* [AIM OF THE EXERCISE] With both ends included, repeat exactly the lines of the entries below from the one containing "s) \<le> \<sigma>bar" down to the one containing "define \<eta> where", and no others.

* * * * * * *

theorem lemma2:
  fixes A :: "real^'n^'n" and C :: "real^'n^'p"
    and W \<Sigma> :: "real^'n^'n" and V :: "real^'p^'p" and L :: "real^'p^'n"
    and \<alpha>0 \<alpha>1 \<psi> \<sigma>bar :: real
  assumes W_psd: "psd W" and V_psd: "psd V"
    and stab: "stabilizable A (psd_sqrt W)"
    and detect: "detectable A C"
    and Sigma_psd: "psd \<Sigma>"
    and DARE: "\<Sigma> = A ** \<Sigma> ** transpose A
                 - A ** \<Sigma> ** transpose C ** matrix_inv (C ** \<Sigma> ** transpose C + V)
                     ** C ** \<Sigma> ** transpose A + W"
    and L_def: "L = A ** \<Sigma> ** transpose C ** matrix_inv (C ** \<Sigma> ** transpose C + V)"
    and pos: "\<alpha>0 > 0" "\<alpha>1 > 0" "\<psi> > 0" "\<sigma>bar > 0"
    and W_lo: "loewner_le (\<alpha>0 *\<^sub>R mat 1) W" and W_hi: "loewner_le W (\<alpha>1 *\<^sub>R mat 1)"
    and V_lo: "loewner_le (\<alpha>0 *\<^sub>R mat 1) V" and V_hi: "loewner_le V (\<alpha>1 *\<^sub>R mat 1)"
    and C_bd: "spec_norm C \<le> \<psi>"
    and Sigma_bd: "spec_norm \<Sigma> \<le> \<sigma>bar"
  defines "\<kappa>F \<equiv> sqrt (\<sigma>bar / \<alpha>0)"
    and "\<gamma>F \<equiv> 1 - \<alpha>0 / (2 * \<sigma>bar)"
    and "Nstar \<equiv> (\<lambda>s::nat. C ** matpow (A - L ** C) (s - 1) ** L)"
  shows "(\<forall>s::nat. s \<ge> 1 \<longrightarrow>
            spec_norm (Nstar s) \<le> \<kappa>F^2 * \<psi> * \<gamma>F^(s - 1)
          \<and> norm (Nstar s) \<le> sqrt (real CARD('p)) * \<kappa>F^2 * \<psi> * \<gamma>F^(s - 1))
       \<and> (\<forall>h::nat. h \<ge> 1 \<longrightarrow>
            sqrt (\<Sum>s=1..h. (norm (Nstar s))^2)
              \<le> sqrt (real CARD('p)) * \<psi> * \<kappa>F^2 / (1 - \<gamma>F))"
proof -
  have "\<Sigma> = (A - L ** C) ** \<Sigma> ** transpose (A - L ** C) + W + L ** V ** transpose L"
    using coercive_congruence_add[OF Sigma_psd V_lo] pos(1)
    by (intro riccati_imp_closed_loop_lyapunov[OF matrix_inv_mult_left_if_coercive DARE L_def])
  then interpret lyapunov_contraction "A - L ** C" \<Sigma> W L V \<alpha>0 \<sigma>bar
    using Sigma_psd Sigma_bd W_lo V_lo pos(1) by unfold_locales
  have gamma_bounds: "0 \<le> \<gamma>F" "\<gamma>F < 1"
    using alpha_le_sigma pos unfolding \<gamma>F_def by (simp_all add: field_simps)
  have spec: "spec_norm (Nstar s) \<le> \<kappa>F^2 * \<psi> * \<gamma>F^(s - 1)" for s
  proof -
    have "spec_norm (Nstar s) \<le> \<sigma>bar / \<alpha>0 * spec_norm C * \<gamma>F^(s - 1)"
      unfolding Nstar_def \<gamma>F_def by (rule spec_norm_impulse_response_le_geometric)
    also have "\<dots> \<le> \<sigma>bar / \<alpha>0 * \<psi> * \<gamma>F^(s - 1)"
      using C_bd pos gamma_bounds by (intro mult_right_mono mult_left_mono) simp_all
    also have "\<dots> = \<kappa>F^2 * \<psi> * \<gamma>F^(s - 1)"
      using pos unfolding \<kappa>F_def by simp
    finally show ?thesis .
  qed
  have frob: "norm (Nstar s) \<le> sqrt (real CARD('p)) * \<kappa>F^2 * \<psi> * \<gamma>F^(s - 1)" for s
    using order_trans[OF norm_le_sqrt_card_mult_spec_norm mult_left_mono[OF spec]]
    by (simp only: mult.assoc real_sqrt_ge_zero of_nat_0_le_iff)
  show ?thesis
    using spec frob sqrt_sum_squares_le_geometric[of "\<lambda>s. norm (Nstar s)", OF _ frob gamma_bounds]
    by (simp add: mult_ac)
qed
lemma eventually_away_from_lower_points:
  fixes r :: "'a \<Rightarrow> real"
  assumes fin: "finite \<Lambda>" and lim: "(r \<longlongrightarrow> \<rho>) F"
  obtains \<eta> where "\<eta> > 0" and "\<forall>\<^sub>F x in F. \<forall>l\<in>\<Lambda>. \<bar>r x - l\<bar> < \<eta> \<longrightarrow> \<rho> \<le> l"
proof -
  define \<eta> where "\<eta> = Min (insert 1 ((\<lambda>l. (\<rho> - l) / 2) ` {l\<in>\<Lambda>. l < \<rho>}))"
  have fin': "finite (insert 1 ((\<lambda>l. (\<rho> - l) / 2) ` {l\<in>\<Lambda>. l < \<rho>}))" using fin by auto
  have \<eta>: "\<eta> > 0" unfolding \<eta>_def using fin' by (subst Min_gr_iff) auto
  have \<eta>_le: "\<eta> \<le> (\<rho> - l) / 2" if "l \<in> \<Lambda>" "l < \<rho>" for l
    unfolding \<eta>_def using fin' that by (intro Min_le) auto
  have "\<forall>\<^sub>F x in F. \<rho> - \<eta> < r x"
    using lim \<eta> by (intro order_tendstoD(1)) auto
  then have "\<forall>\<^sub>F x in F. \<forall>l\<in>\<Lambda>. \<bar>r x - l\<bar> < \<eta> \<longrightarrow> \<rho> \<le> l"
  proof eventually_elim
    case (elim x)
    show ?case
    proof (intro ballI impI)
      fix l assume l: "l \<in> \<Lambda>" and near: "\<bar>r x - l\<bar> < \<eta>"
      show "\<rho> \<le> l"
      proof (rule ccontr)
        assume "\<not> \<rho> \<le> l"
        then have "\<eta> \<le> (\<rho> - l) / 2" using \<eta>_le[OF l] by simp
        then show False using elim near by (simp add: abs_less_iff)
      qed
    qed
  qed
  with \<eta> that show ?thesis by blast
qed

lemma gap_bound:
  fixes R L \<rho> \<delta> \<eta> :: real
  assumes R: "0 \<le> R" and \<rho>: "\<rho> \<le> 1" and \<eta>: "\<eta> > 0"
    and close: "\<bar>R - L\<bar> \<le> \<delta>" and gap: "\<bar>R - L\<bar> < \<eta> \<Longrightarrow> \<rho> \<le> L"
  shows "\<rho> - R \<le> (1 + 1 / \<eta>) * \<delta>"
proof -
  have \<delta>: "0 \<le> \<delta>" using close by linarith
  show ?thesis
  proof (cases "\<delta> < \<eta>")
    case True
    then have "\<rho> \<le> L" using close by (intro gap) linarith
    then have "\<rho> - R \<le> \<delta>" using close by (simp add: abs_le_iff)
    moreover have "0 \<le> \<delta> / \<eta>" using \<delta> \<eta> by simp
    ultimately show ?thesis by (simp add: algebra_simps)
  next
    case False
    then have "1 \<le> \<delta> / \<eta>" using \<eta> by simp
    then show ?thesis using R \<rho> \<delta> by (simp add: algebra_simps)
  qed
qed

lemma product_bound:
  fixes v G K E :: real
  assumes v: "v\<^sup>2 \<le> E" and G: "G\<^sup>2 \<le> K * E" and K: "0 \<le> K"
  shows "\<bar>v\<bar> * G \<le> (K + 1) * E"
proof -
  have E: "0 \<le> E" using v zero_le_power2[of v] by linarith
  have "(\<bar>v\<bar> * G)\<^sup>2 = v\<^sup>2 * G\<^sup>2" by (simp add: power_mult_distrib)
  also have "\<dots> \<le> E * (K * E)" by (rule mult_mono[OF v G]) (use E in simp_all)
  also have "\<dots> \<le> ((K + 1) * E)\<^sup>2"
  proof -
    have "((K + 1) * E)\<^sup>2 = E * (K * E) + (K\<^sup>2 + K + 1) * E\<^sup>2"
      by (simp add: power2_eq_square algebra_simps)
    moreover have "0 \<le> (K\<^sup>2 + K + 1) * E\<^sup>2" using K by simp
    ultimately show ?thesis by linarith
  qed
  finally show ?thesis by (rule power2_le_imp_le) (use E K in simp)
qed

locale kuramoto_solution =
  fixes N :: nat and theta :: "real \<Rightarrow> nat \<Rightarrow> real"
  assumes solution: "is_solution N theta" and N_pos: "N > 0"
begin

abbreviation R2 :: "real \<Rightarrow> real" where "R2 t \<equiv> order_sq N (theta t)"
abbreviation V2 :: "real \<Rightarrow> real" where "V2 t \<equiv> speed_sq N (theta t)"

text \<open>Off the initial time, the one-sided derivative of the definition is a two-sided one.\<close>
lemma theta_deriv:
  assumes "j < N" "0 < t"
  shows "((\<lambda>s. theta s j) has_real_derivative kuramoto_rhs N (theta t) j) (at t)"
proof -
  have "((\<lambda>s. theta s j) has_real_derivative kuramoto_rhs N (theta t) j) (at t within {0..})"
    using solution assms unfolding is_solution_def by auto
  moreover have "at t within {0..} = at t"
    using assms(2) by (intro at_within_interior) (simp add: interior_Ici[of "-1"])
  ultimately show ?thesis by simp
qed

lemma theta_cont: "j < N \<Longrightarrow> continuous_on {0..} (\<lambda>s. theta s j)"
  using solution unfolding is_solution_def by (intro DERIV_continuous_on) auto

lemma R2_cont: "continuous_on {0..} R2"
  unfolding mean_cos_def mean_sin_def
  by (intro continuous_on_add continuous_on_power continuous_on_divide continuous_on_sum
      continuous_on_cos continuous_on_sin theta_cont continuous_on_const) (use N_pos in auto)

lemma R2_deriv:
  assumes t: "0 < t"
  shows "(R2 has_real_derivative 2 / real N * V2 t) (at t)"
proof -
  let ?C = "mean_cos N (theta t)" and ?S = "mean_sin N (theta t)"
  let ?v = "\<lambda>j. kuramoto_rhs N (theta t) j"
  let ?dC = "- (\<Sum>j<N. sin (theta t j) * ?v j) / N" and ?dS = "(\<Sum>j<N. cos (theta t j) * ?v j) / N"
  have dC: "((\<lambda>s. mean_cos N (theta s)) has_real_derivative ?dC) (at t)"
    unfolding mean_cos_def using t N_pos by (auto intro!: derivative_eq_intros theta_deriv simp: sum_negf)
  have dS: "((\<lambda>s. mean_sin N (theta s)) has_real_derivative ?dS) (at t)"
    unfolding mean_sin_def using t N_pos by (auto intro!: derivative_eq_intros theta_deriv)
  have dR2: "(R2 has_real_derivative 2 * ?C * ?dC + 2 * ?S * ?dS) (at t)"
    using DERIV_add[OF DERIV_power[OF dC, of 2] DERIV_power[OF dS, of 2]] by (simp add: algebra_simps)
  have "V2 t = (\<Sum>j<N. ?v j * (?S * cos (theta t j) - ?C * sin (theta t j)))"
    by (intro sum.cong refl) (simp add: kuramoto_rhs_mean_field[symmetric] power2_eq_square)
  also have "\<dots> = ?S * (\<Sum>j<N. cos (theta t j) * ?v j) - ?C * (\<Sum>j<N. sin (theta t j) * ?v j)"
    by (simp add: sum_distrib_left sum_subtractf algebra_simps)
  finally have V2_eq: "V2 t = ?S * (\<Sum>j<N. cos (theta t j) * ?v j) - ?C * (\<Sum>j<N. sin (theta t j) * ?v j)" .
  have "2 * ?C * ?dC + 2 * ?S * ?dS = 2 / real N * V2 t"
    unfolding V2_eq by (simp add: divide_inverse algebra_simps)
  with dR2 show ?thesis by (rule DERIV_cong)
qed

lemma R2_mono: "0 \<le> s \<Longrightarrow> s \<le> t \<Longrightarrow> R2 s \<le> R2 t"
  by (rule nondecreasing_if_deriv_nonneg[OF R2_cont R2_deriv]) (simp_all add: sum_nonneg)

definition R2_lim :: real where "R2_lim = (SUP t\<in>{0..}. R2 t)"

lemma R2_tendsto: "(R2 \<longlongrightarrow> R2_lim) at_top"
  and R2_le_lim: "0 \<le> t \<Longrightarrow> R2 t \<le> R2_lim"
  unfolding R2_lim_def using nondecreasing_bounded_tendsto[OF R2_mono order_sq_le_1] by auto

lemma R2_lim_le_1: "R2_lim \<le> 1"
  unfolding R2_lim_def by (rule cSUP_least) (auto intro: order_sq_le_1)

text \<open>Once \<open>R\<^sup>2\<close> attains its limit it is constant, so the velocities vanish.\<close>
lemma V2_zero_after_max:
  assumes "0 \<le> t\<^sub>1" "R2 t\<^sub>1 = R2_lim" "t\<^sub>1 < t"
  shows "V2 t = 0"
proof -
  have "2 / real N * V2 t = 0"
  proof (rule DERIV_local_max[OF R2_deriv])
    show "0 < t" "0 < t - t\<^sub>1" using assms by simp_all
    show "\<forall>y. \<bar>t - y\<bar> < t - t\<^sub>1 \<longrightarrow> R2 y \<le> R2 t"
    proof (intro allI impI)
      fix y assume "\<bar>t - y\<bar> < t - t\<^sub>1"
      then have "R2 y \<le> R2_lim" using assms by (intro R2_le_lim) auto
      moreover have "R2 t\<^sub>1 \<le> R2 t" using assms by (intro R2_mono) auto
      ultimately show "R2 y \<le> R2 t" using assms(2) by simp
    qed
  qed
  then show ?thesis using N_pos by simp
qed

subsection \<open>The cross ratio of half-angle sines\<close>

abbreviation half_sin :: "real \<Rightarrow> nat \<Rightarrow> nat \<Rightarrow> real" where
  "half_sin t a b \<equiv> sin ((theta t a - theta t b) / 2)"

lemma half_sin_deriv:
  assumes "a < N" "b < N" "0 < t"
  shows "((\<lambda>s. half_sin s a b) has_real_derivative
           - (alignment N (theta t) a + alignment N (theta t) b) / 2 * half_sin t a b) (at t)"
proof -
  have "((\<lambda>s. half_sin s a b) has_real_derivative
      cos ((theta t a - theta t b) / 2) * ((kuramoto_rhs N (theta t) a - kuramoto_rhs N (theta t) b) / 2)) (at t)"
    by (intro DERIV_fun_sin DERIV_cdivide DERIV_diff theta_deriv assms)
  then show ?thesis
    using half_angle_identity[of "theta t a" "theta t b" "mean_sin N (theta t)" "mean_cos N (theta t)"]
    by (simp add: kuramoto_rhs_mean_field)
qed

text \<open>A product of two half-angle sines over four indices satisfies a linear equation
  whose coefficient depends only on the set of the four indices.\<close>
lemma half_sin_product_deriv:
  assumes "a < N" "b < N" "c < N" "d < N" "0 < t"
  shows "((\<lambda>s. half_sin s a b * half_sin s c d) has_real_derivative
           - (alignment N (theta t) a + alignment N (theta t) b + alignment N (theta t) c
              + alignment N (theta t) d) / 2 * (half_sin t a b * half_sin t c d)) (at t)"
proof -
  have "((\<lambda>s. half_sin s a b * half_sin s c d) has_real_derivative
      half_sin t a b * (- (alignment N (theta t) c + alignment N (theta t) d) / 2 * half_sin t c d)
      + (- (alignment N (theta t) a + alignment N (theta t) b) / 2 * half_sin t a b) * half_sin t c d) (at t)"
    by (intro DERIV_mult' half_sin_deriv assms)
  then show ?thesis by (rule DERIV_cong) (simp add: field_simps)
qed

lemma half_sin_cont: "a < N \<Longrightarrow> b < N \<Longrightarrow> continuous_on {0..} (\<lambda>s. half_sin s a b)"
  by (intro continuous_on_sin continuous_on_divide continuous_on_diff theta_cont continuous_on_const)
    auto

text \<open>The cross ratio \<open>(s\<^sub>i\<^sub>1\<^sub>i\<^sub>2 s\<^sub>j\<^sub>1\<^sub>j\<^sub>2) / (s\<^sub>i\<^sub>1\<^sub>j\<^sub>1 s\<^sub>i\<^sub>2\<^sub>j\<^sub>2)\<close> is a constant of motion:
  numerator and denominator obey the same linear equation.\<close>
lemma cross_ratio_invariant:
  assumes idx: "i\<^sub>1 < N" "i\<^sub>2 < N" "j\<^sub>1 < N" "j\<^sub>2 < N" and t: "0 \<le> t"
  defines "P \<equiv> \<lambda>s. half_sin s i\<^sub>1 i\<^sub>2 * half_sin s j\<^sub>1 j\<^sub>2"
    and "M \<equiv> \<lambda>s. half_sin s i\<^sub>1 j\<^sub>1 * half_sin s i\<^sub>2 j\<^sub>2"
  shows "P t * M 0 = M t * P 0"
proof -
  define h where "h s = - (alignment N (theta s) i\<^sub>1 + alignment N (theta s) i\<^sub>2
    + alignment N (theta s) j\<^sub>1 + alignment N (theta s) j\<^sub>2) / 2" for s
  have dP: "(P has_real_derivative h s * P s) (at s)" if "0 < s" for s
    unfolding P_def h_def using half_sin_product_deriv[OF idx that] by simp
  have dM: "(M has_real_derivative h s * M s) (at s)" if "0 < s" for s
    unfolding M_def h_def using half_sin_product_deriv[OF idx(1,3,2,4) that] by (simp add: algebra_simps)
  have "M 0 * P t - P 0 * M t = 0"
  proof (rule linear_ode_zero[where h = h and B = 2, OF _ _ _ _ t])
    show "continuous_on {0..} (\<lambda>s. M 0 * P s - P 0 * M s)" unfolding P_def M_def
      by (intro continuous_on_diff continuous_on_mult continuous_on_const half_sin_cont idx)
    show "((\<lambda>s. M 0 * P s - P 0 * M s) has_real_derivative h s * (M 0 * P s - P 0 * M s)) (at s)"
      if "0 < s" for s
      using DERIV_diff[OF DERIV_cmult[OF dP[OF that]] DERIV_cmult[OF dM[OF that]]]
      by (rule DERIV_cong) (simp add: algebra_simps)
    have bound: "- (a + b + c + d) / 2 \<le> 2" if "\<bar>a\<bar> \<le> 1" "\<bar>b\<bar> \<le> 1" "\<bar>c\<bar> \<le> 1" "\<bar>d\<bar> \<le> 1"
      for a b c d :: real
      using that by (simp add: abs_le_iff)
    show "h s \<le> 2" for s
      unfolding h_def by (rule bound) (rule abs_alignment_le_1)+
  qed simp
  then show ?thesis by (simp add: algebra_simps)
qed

* * * * * * *

* [RESULT OF THE EXERCISE]
    have "spec_norm (Nstar s) \<le> \<sigma>bar / \<alpha>0 * spec_norm C * \<gamma>F^(s - 1)"
      unfolding Nstar_def \<gamma>F_def by (rule spec_norm_impulse_response_le_geometric)
    also have "\<dots> \<le> \<sigma>bar / \<alpha>0 * \<psi> * \<gamma>F^(s - 1)"
      using C_bd pos gamma_bounds by (intro mult_right_mono mult_left_mono) simp_all
    also have "\<dots> = \<kappa>F^2 * \<psi> * \<gamma>F^(s - 1)"
      using pos unfolding \<kappa>F_def by simp
    finally show ?thesis .
  qed
  have frob: "norm (Nstar s) \<le> sqrt (real CARD('p)) * \<kappa>F^2 * \<psi> * \<gamma>F^(s - 1)" for s
    using order_trans[OF norm_le_sqrt_card_mult_spec_norm mult_left_mono[OF spec]]
    by (simp only: mult.assoc real_sqrt_ge_zero of_nat_0_le_iff)
  show ?thesis
    using spec frob sqrt_sum_squares_le_geometric[of "\<lambda>s. norm (Nstar s)", OF _ frob gamma_bounds]
    by (simp add: mult_ac)
qed
lemma eventually_away_from_lower_points:
  fixes r :: "'a \<Rightarrow> real"
  assumes fin: "finite \<Lambda>" and lim: "(r \<longlongrightarrow> \<rho>) F"
  obtains \<eta> where "\<eta> > 0" and "\<forall>\<^sub>F x in F. \<forall>l\<in>\<Lambda>. \<bar>r x - l\<bar> < \<eta> \<longrightarrow> \<rho> \<le> l"
proof -
  define \<eta> where "\<eta> = Min (insert 1 ((\<lambda>l. (\<rho> - l) / 2) ` {l\<in>\<Lambda>. l < \<rho>}))"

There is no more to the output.